RECORDS FOR THIS EXERCISE -
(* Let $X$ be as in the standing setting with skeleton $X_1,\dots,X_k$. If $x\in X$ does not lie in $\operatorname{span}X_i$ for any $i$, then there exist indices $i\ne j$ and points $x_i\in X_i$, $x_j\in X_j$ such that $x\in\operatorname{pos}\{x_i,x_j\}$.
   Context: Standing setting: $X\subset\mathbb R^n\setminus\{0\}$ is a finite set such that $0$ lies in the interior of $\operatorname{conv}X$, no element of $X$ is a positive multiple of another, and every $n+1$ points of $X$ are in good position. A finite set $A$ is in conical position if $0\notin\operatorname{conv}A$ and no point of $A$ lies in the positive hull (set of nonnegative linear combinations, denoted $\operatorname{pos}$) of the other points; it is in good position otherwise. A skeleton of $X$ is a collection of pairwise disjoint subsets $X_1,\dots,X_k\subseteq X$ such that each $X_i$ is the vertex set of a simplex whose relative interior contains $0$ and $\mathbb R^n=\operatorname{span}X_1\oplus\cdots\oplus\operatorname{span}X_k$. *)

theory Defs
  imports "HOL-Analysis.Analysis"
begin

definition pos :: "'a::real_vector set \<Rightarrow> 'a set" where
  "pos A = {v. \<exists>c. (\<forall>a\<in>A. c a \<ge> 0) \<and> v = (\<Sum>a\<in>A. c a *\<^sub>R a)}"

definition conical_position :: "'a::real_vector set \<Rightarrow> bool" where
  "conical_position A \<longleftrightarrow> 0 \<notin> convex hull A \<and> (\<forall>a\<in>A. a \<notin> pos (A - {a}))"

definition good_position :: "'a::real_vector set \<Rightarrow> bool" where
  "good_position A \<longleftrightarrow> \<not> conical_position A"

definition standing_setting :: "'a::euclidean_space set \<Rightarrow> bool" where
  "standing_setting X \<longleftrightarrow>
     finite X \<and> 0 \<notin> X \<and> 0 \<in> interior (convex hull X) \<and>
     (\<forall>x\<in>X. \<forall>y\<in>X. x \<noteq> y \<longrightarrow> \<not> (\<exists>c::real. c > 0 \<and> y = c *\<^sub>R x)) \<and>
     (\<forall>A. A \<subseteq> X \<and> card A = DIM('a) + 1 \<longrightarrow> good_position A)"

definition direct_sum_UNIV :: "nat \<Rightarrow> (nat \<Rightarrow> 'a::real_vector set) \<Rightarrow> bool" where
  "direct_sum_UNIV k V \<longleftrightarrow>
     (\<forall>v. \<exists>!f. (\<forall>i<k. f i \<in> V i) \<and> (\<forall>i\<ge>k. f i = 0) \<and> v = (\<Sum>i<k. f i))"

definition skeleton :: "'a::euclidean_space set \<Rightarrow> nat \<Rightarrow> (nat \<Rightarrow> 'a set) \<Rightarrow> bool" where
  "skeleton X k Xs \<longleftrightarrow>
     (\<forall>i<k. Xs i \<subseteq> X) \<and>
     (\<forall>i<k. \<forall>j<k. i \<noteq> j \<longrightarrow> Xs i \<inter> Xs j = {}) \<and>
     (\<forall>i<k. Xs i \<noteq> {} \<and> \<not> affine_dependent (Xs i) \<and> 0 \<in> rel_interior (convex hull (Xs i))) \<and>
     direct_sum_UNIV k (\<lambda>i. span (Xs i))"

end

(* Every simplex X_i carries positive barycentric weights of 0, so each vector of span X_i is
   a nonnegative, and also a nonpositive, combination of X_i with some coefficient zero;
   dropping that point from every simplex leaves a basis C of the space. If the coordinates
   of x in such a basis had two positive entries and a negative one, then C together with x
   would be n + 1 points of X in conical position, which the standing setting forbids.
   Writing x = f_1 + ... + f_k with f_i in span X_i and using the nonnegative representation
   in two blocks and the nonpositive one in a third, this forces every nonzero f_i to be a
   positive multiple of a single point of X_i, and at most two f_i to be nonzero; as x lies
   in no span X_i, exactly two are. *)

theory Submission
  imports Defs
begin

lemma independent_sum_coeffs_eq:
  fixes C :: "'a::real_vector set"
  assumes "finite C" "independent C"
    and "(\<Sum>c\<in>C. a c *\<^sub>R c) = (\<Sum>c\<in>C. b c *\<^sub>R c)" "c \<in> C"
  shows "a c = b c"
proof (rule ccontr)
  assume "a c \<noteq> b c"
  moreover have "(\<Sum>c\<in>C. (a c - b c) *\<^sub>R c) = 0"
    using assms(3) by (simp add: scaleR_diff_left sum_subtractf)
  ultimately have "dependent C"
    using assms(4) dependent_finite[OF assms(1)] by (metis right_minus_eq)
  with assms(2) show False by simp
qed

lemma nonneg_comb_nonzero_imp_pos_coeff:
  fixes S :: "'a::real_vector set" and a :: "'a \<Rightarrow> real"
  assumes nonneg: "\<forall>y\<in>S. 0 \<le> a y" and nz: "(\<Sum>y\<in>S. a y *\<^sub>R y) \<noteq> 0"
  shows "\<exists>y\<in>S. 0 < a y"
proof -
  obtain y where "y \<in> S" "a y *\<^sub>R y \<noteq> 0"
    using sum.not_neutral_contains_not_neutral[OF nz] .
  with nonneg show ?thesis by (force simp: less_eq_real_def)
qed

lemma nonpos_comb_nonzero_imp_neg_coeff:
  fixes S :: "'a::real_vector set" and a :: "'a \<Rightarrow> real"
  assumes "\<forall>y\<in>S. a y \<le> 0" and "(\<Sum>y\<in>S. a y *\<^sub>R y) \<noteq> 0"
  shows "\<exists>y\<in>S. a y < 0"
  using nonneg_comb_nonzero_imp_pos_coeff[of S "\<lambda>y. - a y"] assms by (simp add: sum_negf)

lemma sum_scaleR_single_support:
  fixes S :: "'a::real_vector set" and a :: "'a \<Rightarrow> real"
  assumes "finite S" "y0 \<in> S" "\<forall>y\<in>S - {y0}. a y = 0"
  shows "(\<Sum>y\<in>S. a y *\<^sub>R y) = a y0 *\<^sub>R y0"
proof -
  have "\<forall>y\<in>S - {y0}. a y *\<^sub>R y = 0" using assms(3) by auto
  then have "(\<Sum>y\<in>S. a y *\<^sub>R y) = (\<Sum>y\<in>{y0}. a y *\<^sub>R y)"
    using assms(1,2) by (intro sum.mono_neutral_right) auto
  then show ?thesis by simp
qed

BRIEF -
Produce an exact copy of all the records.

EXPECTED ANSWER -
(* Let $X$ be as in the standing setting with skeleton $X_1,\dots,X_k$. If $x\in X$ does not lie in $\operatorname{span}X_i$ for any $i$, then there exist indices $i\ne j$ and points $x_i\in X_i$, $x_j\in X_j$ such that $x\in\operatorname{pos}\{x_i,x_j\}$.
   Context: Standing setting: $X\subset\mathbb R^n\setminus\{0\}$ is a finite set such that $0$ lies in the interior of $\operatorname{conv}X$, no element of $X$ is a positive multiple of another, and every $n+1$ points of $X$ are in good position. A finite set $A$ is in conical position if $0\notin\operatorname{conv}A$ and no point of $A$ lies in the positive hull (set of nonnegative linear combinations, denoted $\operatorname{pos}$) of the other points; it is in good position otherwise. A skeleton of $X$ is a collection of pairwise disjoint subsets $X_1,\dots,X_k\subseteq X$ such that each $X_i$ is the vertex set of a simplex whose relative interior contains $0$ and $\mathbb R^n=\operatorname{span}X_1\oplus\cdots\oplus\operatorname{span}X_k$. *)

theory Defs
  imports "HOL-Analysis.Analysis"
begin

definition pos :: "'a::real_vector set \<Rightarrow> 'a set" where
  "pos A = {v. \<exists>c. (\<forall>a\<in>A. c a \<ge> 0) \<and> v = (\<Sum>a\<in>A. c a *\<^sub>R a)}"

definition conical_position :: "'a::real_vector set \<Rightarrow> bool" where
  "conical_position A \<longleftrightarrow> 0 \<notin> convex hull A \<and> (\<forall>a\<in>A. a \<notin> pos (A - {a}))"

definition good_position :: "'a::real_vector set \<Rightarrow> bool" where
  "good_position A \<longleftrightarrow> \<not> conical_position A"

definition standing_setting :: "'a::euclidean_space set \<Rightarrow> bool" where
  "standing_setting X \<longleftrightarrow>
     finite X \<and> 0 \<notin> X \<and> 0 \<in> interior (convex hull X) \<and>
     (\<forall>x\<in>X. \<forall>y\<in>X. x \<noteq> y \<longrightarrow> \<not> (\<exists>c::real. c > 0 \<and> y = c *\<^sub>R x)) \<and>
     (\<forall>A. A \<subseteq> X \<and> card A = DIM('a) + 1 \<longrightarrow> good_position A)"

definition direct_sum_UNIV :: "nat \<Rightarrow> (nat \<Rightarrow> 'a::real_vector set) \<Rightarrow> bool" where
  "direct_sum_UNIV k V \<longleftrightarrow>
     (\<forall>v. \<exists>!f. (\<forall>i<k. f i \<in> V i) \<and> (\<forall>i\<ge>k. f i = 0) \<and> v = (\<Sum>i<k. f i))"

definition skeleton :: "'a::euclidean_space set \<Rightarrow> nat \<Rightarrow> (nat \<Rightarrow> 'a set) \<Rightarrow> bool" where
  "skeleton X k Xs \<longleftrightarrow>
     (\<forall>i<k. Xs i \<subseteq> X) \<and>
     (\<forall>i<k. \<forall>j<k. i \<noteq> j \<longrightarrow> Xs i \<inter> Xs j = {}) \<and>
     (\<forall>i<k. Xs i \<noteq> {} \<and> \<not> affine_dependent (Xs i) \<and> 0 \<in> rel_interior (convex hull (Xs i))) \<and>
     direct_sum_UNIV k (\<lambda>i. span (Xs i))"

end

(* Every simplex X_i carries positive barycentric weights of 0, so each vector of span X_i is
   a nonnegative, and also a nonpositive, combination of X_i with some coefficient zero;
   dropping that point from every simplex leaves a basis C of the space. If the coordinates
   of x in such a basis had two positive entries and a negative one, then C together with x
   would be n + 1 points of X in conical position, which the standing setting forbids.
   Writing x = f_1 + ... + f_k with f_i in span X_i and using the nonnegative representation
   in two blocks and the nonpositive one in a third, this forces every nonzero f_i to be a
   positive multiple of a single point of X_i, and at most two f_i to be nonzero; as x lies
   in no span X_i, exactly two are. *)

theory Submission
  imports Defs
begin

lemma independent_sum_coeffs_eq:
  fixes C :: "'a::real_vector set"
  assumes "finite C" "independent C"
    and "(\<Sum>c\<in>C. a c *\<^sub>R c) = (\<Sum>c\<in>C. b c *\<^sub>R c)" "c \<in> C"
  shows "a c = b c"
proof (rule ccontr)
  assume "a c \<noteq> b c"
  moreover have "(\<Sum>c\<in>C. (a c - b c) *\<^sub>R c) = 0"
    using assms(3) by (simp add: scaleR_diff_left sum_subtractf)
  ultimately have "dependent C"
    using assms(4) dependent_finite[OF assms(1)] by (metis right_minus_eq)
  with assms(2) show False by simp
qed

lemma nonneg_comb_nonzero_imp_pos_coeff:
  fixes S :: "'a::real_vector set" and a :: "'a \<Rightarrow> real"
  assumes nonneg: "\<forall>y\<in>S. 0 \<le> a y" and nz: "(\<Sum>y\<in>S. a y *\<^sub>R y) \<noteq> 0"
  shows "\<exists>y\<in>S. 0 < a y"
proof -
  obtain y where "y \<in> S" "a y *\<^sub>R y \<noteq> 0"
    using sum.not_neutral_contains_not_neutral[OF nz] .
  with nonneg show ?thesis by (force simp: less_eq_real_def)
qed

lemma nonpos_comb_nonzero_imp_neg_coeff:
  fixes S :: "'a::real_vector set" and a :: "'a \<Rightarrow> real"
  assumes "\<forall>y\<in>S. a y \<le> 0" and "(\<Sum>y\<in>S. a y *\<^sub>R y) \<noteq> 0"
  shows "\<exists>y\<in>S. a y < 0"
  using nonneg_comb_nonzero_imp_pos_coeff[of S "\<lambda>y. - a y"] assms by (simp add: sum_negf)

lemma sum_scaleR_single_support:
  fixes S :: "'a::real_vector set" and a :: "'a \<Rightarrow> real"
  assumes "finite S" "y0 \<in> S" "\<forall>y\<in>S - {y0}. a y = 0"
  shows "(\<Sum>y\<in>S. a y *\<^sub>R y) = a y0 *\<^sub>R y0"
proof -
  have "\<forall>y\<in>S - {y0}. a y *\<^sub>R y = 0" using assms(3) by auto
  then have "(\<Sum>y\<in>S. a y *\<^sub>R y) = (\<Sum>y\<in>{y0}. a y *\<^sub>R y)"
    using assms(1,2) by (intro sum.mono_neutral_right) auto
  then show ?thesis by simp
qed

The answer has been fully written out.